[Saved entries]
* * *

lemma measurable_polling_kernel:
  assumes "prob_space (noise L lam G)"
  shows "polling_kernel L r lam G \<in> measurable (Mplus L) (subprob_algebra (Mplus L))"
proof (rule measurable_subprob_algebra)
  interpret prob_space "noise L lam G" by (rule assms)
  fix \<zeta> assume \<zeta>: "\<zeta> \<in> space (Mplus L)"
  have space_kernel: "space (polling_kernel L r lam G \<zeta>) = cstates L"
    using sets_eq_imp_space_eq[OF sets_polling_kernel] by simp
  show "subprob_space (polling_kernel L r lam G \<zeta>)"
  proof
    show "emeasure (polling_kernel L r lam G \<zeta>) (space (polling_kernel L r lam G \<zeta>)) \<le> 1"
      using \<zeta> sets.top[of "Mplus L"] by (simp add: space_kernel emeasure_polling_kernel emeasure_le_1)
    show "space (polling_kernel L r lam G \<zeta>) \<noteq> {}"
      using space_kernel empty_in_cstates by auto
  qed
next
  interpret prob_space "noise L lam G" by (rule assms)
  fix A assume A: "A \<in> sets (Mplus L)"
  let ?Q = "(\<lambda>x. transition L r (fst x) (snd x)) -` A \<inter> space (Mplus L \<Otimes>\<^sub>M noise L lam G)"
  have "?Q \<in> sets (Mplus L \<Otimes>\<^sub>M noise L lam G)"
    by (rule measurable_sets[OF measurable_transition_joint sets_Mplus_subset_Mplus_univ[OF A]])
  then have "(\<lambda>\<zeta>. emeasure (noise L lam G) (Pair \<zeta> -` ?Q)) \<in> borel_measurable (Mplus L)"
    by (rule measurable_emeasure_Pair)
  moreover have "emeasure (noise L lam G) (Pair \<zeta> -` ?Q) = emeasure (polling_kernel L r lam G \<zeta>) A"
    if "\<zeta> \<in> space (Mplus L)" for \<zeta>
  proof -
    have "Pair \<zeta> -` ?Q = transition L r \<zeta> -` A \<inter> space (noise L lam G)"
      using that by (auto simp: space_pair_measure)
    then show ?thesis using emeasure_polling_kernel[of \<zeta> L A] that A by simp
  qed
  ultimately show "(\<lambda>\<zeta>. emeasure (polling_kernel L r lam G \<zeta>) A) \<in> borel_measurable (Mplus L)"
    by (rule measurable_cong[THEN iffD1, rotated]) simp
qed simp

definition no_arrival_prob :: "real \<Rightarrow> real measure \<Rightarrow> ennreal" where
  "no_arrival_prob lam G = (\<integral>\<^sup>+ s. ennreal (exp (- lam * s)) \<partial>G)"

lemma borel_measurable_poisson_weight:
  assumes "sets G = sets borel"
  shows "(\<lambda>s. ennreal (exp (- lam * s) * (lam * s) ^ n / fact n)) \<in> borel_measurable G"
proof -
  have sets: "borel_measurable G = borel_measurable borel"
    by (rule measurable_cong_sets) (simp_all add: assms)
  show ?thesis unfolding sets by measurable
qed

lemma prob_space_arrivals:
  assumes lam: "lam > 0" and G: "prob_space G" "sets G = sets borel" "emeasure G {0..} = 1"
  shows "prob_space (arrivals lam G)"
proof (rule prob_spaceI)
  interpret G: prob_space G by (rule G(1))
  have "{0..} \<in> G.events" "G.prob {0..} = 1"
    using G(2,3) by (simp_all add: G.emeasure_eq_measure)
  then have nonneg: "AE s in G. s \<in> {0..}"
    using G.AE_in_set_eq_1 by blast
  have poisson_sum: "(\<Sum>n. ennreal (exp (- lam * s) * (lam * s) ^ n / fact n)) = 1" if "s \<ge> 0" for s
  proof -
    have "(\<lambda>n. exp (- lam * s) * ((lam * s) ^ n / fact n)) sums (exp (- lam * s) * exp (lam * s))"
      using exp_converges[of "lam * s"]
      by (intro sums_mult) (simp add: divide_inverse scaleR_conv_of_real mult.commute)
    then have "(\<lambda>n. exp (- lam * s) * (lam * s) ^ n / fact n) sums 1"
      by (simp add: exp_minus field_simps)
    then show ?thesis
      using that lam by (subst suminf_ennreal2) (auto simp: sums_iff)
  qed
  have "emeasure (arrivals lam G) (space (arrivals lam G)) =
      (\<Sum>n. \<integral>\<^sup>+ s. ennreal (exp (- lam * s) * (lam * s) ^ n / fact n) \<partial>G)"
    unfolding arrivals_def by (simp add: emeasure_density nn_integral_count_space_nat)
  also have "\<dots> = (\<integral>\<^sup>+ s. (\<Sum>n. ennreal (exp (- lam * s) * (lam * s) ^ n / fact n)) \<partial>G)"
    by (rule nn_integral_suminf[symmetric]) (rule borel_measurable_poisson_weight[OF G(2)])
  also have "\<dots> = (\<integral>\<^sup>+ s. 1 \<partial>G)"
  proof (rule nn_integral_cong_AE)
    show "AE s in G. (\<Sum>n. ennreal (exp (- lam * s) * (lam * s) ^ n / fact n)) = 1"
      using nonneg by (rule AE_mp) (rule AE_I2, rule impI, rule poisson_sum, simp)
  qed
  also have "\<dots> = 1" by (simp add: G.emeasure_space_1)
  finally show "emeasure (arrivals lam G) (space (arrivals lam G)) = 1" .
qed

lemma emeasure_arrivals_0: "emeasure (arrivals lam G) {0} = no_arrival_prob lam G"
proof -
  have "emeasure (arrivals lam G) {0} =
     (\<integral>\<^sup>+ n. (\<integral>\<^sup>+ s. ennreal (exp (- lam * s) * (lam * s) ^ n / fact n) \<partial>G) * indicator {0} n
       \<partial>count_space UNIV)"
    unfolding arrivals_def by (simp add: emeasure_density)
  also have "\<dots> = no_arrival_prob lam G"
    by (subst nn_integral_indicator_singleton) (simp_all add: no_arrival_prob_def)
  finally show ?thesis .
qed

lemma no_arrival_prob_pos:
  assumes G: "prob_space G" "sets G = sets borel"
  shows "0 < no_arrival_prob lam G"
proof -
  interpret G: prob_space G by (rule G(1))
  have "(\<lambda>s. ennreal (exp (- lam * s))) \<in> borel_measurable G"
    using borel_measurable_poisson_weight[OF G(2), of lam 0] by simp
  moreover have "\<not> (AE s in G. ennreal (exp (- lam * s)) = 0)"
    using G.AE_False by simp
  ultimately have "no_arrival_prob lam G \<noteq> 0"
    unfolding no_arrival_prob_def using nn_integral_0_iff_AE by blast
  then show ?thesis using zero_less_iff_neq_zero by blast
qed

lemma prob_space_circ_unif: "L > 0 \<Longrightarrow> prob_space (circ_unif L)"
  unfolding circ_unif_def by (rule prob_space_uniform_measure) auto

lemma prob_space_PiM_circ_unif: "L > 0 \<Longrightarrow> prob_space (PiM UNIV (\<lambda>_::nat. circ_unif L))"
  by (intro prob_space_PiM prob_space_circ_unif)

lemma prob_space_noise:
  assumes "L > 0" "lam > 0" "prob_space G" "sets G = sets borel" "emeasure G {0..} = 1"
  shows "prob_space (noise L lam G)"
  using assms by (intro prob_space_pair prob_space_arrivals prob_space_PiM_circ_unif prob_space_circ_unif)

lemma emeasure_circ_unif_subset_Ico:
  assumes "0 < L" "0 \<le> a" "a \<le> b" "b \<le> L" "U \<in> sets borel" "U \<subseteq> {a..<b}"
    "emeasure lborel U = emeasure lborel {a..<b}"
  shows "emeasure (circ_unif L) U = ennreal ((b - a) / L)"
proof -
  have "{0..<L} \<inter> U = U" using assms by auto
  then show ?thesis using assms unfolding circ_unif_def by (simp add: divide_ennreal)
qed
(* Let $\mathcal{A}$ be a finite set of hyperplanes through $0$ in a complex vector space $V_{\mathbb{C}}$, let $H\in\mathcal{A}$, and let $\sigma$ be an ordering of $\mathcal{A}$ compatible with $H$. Then for every $k\ge 1$, $$\mathrm{BCB}^k_\sigma(\mathcal{A})=\mathrm{BCB}^k_{\sigma\setminus H}(\mathcal{A}\setminus\{H\})\ \cup\ \big\{(l_\sigma(K_1),\dots,l_\sigma(K_{k-1}),H)\ :\ (K_1,\dots,K_{k-1})\in \mathrm{BCB}^{k-1}_{\sigma|H}(\mathcal{A}|H)\big\}.$$
   Context: For an arrangement $\mathcal{B}$ (finite set of hyperplanes through $0$ in a vector space), a set of its hyperplanes is independent if their defining linear forms (on the ambient space of $\mathcal{B}$) are linearly independent; $\mathrm{Or}^k(\mathcal{B})$ is the set of ordered independent $k$-tuples of elements of $\mathcal{B}$; an ordering is a bijection $\tau:\mathcal{B}\to\{1,\dots,|\mathcal{B}|\}$; and $\mathrm{BCB}^k_\tau(\mathcal{B})$ is the set of $S=(H_1,\dots,H_k)\in\mathrm{Or}^k(\mathcal{B})$ with $\tau(H_1)<\dots<\tau(H_k)$ such that for every $G\in\mathcal{B}$ not among the $H_i$, the set $\{G\}\cup\{H_i:\tau(H_i)>\tau(G)\}$ is independent. By convention $\mathrm{BCB}^0$ consists of the empty tuple. Given $H\in\mathcal{A}$: $\mathcal{A}\setminus\{H\}$ is the deleted arrangement in $V_{\mathbb{C}}$; $\mathcal{A}|H=\{H'\cap H: H'\in\mathcal{A}\setminus\{H\}\}$ is the arrangement of hyperplanes in $H$ (as a set of distinct subspaces); $\pi:\mathcal{A}\setminus\{H\}\to\mathcal{A}|H$, $H'\mapsto H'\cap H$. An ordering $\sigma$ of $\mathcal{A}$ is compatible with $H$ if (1) $\sigma(H)=|\mathcal{A}|$ and (2) whenever $H_1\cap H=H_3\cap H$ and $\sigma(H_1)<\sigma(H_2)<\sigma(H_3)$, then $H_1\cap H=H_2\cap H$. Then $\sigma\setminus H$ is the restriction of the order $\sigma$ to $\mathcal{A}\setminus\{H\}$, $\sigma|H$ is the induced ordering of $\mathcal{A}|H$ (well defined because by (2) each fiber of $\pi$ is an interval for $\sigma$; $K<K'$ iff the fiber over $K$ precedes the fiber over $K'$), and $l_\sigma:\mathcal{A}|H\to\mathcal{A}\setminus\{H\}$ sends $K$ to the element $H''$ with $\pi(H'')=K$ having the least $\sigma$-value. *)

theory Defs
  imports "HOL-Analysis.Analysis"
begin

text \<open>A linear form on V
is given by its coefficient vector c, acting as x \<mapsto> sum_i c_i x_i; every linear
form on a subspace W extends to V, so linear forms on W are restrictions of these.\<close>

definition lform :: "complex^'n \<Rightarrow> complex^'n \<Rightarrow> complex" where
  "lform c x = (\<Sum>i\<in>UNIV. c $ i * x $ i)"

definition defining_form :: "(complex^'n) set \<Rightarrow> complex^'n \<Rightarrow> (complex^'n) set \<Rightarrow> bool" where
  "defining_form W c K \<longleftrightarrow> K = {x \<in> W. lform c x = 0} \<and> (\<exists>x\<in>W. lform c x \<noteq> 0)"

definition hyperplane_of :: "(complex^'n) set \<Rightarrow> (complex^'n) set \<Rightarrow> bool" where
  "hyperplane_of W K \<longleftrightarrow> (\<exists>c. defining_form W c K)"

definition indep_hyps :: "(complex^'n) set \<Rightarrow> (complex^'n) set set \<Rightarrow> bool" where
  "indep_hyps W S \<longleftrightarrow> finite S \<and> (\<exists>c. (\<forall>K\<in>S. defining_form W (c K) K) \<and>
     (\<forall>a. (\<forall>x\<in>W. (\<Sum>K\<in>S. a K * lform (c K) x) = 0) \<longrightarrow> (\<forall>K\<in>S. a K = 0)))"

definition is_arrangement :: "(complex^'n) set \<Rightarrow> (complex^'n) set set \<Rightarrow> bool" where
  "is_arrangement W B \<longleftrightarrow> subspace W \<and> finite B \<and> (\<forall>K\<in>B. hyperplane_of W K)"

definition is_ordering :: "('a \<Rightarrow> nat) \<Rightarrow> 'a set \<Rightarrow> bool" where
  "is_ordering \<tau> B \<longleftrightarrow> bij_betw \<tau> B {1..card B}"

definition Or :: "nat \<Rightarrow> (complex^'n) set \<Rightarrow> (complex^'n) set set \<Rightarrow> (complex^'n) set list set" where
  "Or k W B = {S. length S = k \<and> distinct S \<and> set S \<subseteq> B \<and> indep_hyps W (set S)}"

definition BCB :: "nat \<Rightarrow> ((complex^'n) set \<Rightarrow> nat) \<Rightarrow> (complex^'n) set \<Rightarrow> (complex^'n) set set
     \<Rightarrow> (complex^'n) set list set" where
  "BCB k \<tau> W B = (if k = 0 then {[]} else
     {S \<in> Or k W B. sorted_wrt (\<lambda>x y. \<tau> x < \<tau> y) S \<and>
        (\<forall>G\<in>B - set S. indep_hyps W ({G} \<union> {Hi \<in> set S. \<tau> Hi > \<tau> G}))})"

definition restr_arr :: "(complex^'n) set set \<Rightarrow> (complex^'n) set \<Rightarrow> (complex^'n) set set" where
  "restr_arr A H = (\<lambda>H'. H' \<inter> H) ` (A - {H})"

definition compatible :: "((complex^'n) set \<Rightarrow> nat) \<Rightarrow> (complex^'n) set set \<Rightarrow> (complex^'n) set \<Rightarrow> bool" where
  "compatible \<sigma> A H \<longleftrightarrow> \<sigma> H = card A \<and>
     (\<forall>H1\<in>A. \<forall>H2\<in>A. \<forall>H3\<in>A. H1 \<inter> H = H3 \<inter> H \<and> \<sigma> H1 < \<sigma> H2 \<and> \<sigma> H2 < \<sigma> H3
        \<longrightarrow> H1 \<inter> H = H2 \<inter> H)"

definition lift_min :: "((complex^'n) set \<Rightarrow> nat) \<Rightarrow> (complex^'n) set set \<Rightarrow> (complex^'n) set
     \<Rightarrow> (complex^'n) set \<Rightarrow> (complex^'n) set" where
  "lift_min \<sigma> A H K = (ARG_MIN \<sigma> H''. H'' \<in> A - {H} \<and> H'' \<inter> H = K)"

text \<open>sigma|H: the induced ordering of A|H (fibres are ordered as intervals of sigma;
the rank of K equals the rank of its least element l_sigma K).\<close>
definition induced_ord :: "((complex^'n) set \<Rightarrow> nat) \<Rightarrow> (complex^'n) set set \<Rightarrow> (complex^'n) set
     \<Rightarrow> (complex^'n) set \<Rightarrow> nat" where
  "induced_ord \<sigma> A H K =
     card {K' \<in> restr_arr A H. \<sigma> (lift_min \<sigma> A H K') \<le> \<sigma> (lift_min \<sigma> A H K)}"

end

theory Submission
  imports Defs
begin

text \<open>A tuple in BCB^k(A) either avoids H, and then lies in BCB^k(A - {H}) because the extra
  condition at G = H only asks {H} to be independent, or, H being \<sigma>-last, it ends with H.
  In the second case everything is governed by restriction to H: for hyperplanes G_i \<noteq> H the set
  {H, G_1, ..., G_m} is independent iff the traces G_i \<inter> H are pairwise distinct and independent
  in H, because linear forms together with a nonzero form h are independent iff their
  restrictions to ker h are. The broken-circuit condition at l_\<sigma>(G_i \<inter> H) forces every G_i to be
  the \<sigma>-least element of its fibre, so the tuple is (l_\<sigma>(K_1), ..., l_\<sigma>(K_{k-1}), H); as l_\<sigma> turns
  the order \<sigma>|H into \<sigma>, the conditions on this tuple in A and on (K_1, ..., K_{k-1}) in A|H then
  correspond term by term.\<close>

lemma lform_add: "lform c (x + y) = lform c x + lform c y"
  by (simp add: lform_def distrib_left sum.distrib)

lemma lform_scale: "lform c (t *s x) = t * lform c x"
  by (simp add: lform_def sum_distrib_left mult.left_commute)

lemma lform_diff: "lform c (x - y) = lform c x - lform c y"
  by (simp add: lform_def right_diff_distrib sum_subtractf)

lemma sum_lform: "(\<Sum>j\<in>S. a j * lform (c j) x) = lform (\<Sum>j\<in>S. a j *s c j) x"
  by (simp add: lform_def sum_distrib_left sum_distrib_right mult.assoc sum.swap[of _ S])

lemma subspace_lform_kernel: "vec.subspace {x. lform c x = 0}"
  by (simp add: vec.subspace_def lform_add lform_scale) (simp add: lform_def)

lemma lform_proportional:
  assumes "vec.subspace W" "x0 \<in> W" "lform c x0 \<noteq> 0"
    and "\<forall>x\<in>W. lform c x = 0 \<longrightarrow> lform d x = 0" "x \<in> W"
  shows "lform d x = (lform d x0 / lform c x0) * lform c x"
proof -
  define y where "y = x - (lform c x / lform c x0) *s x0"
  have "y \<in> W"
    unfolding y_def using assms by (simp add: vec.subspace_diff vec.subspace_scale)
  moreover have "lform c y = 0"
    using assms(3) by (simp add: y_def lform_diff lform_scale)
  ultimately have "lform d y = 0" using assms(4) by blast
  then show ?thesis
    using assms(3) by (simp add: y_def lform_diff lform_scale field_simps)
qed

definition forms_independent_on :: "(complex^'n) set \<Rightarrow> ('i \<Rightarrow> complex^'n) \<Rightarrow> 'i set \<Rightarrow> bool" where
  "forms_independent_on W c S \<longleftrightarrow>
     (\<forall>a. (\<forall>x\<in>W. (\<Sum>i\<in>S. a i * lform (c i) x) = 0) \<longrightarrow> (\<forall>i\<in>S. a i = 0))"

lemma forms_independent_onD:
  "forms_independent_on W c S \<Longrightarrow> (\<And>x. x \<in> W \<Longrightarrow> (\<Sum>i\<in>S. a i * lform (c i) x) = 0) \<Longrightarrow> i \<in> S
    \<Longrightarrow> a i = 0"
  unfolding forms_independent_on_def by blast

* * *

## WHAT YOU SHOULD DO
Check each line above for the string "noteq" and copy those that have it.

## EXERCISE RESULT
    show "space (polling_kernel L r lam G \<zeta>) \<noteq> {}"
  ultimately have "no_arrival_prob lam G \<noteq> 0"
  "defining_form W c K \<longleftrightarrow> K = {x \<in> W. lform c x = 0} \<and> (\<exists>x\<in>W. lform c x \<noteq> 0)"
  In the second case everything is governed by restriction to H: for hyperplanes G_i \<noteq> H the set
  assumes "vec.subspace W" "x0 \<in> W" "lform c x0 \<noteq> 0"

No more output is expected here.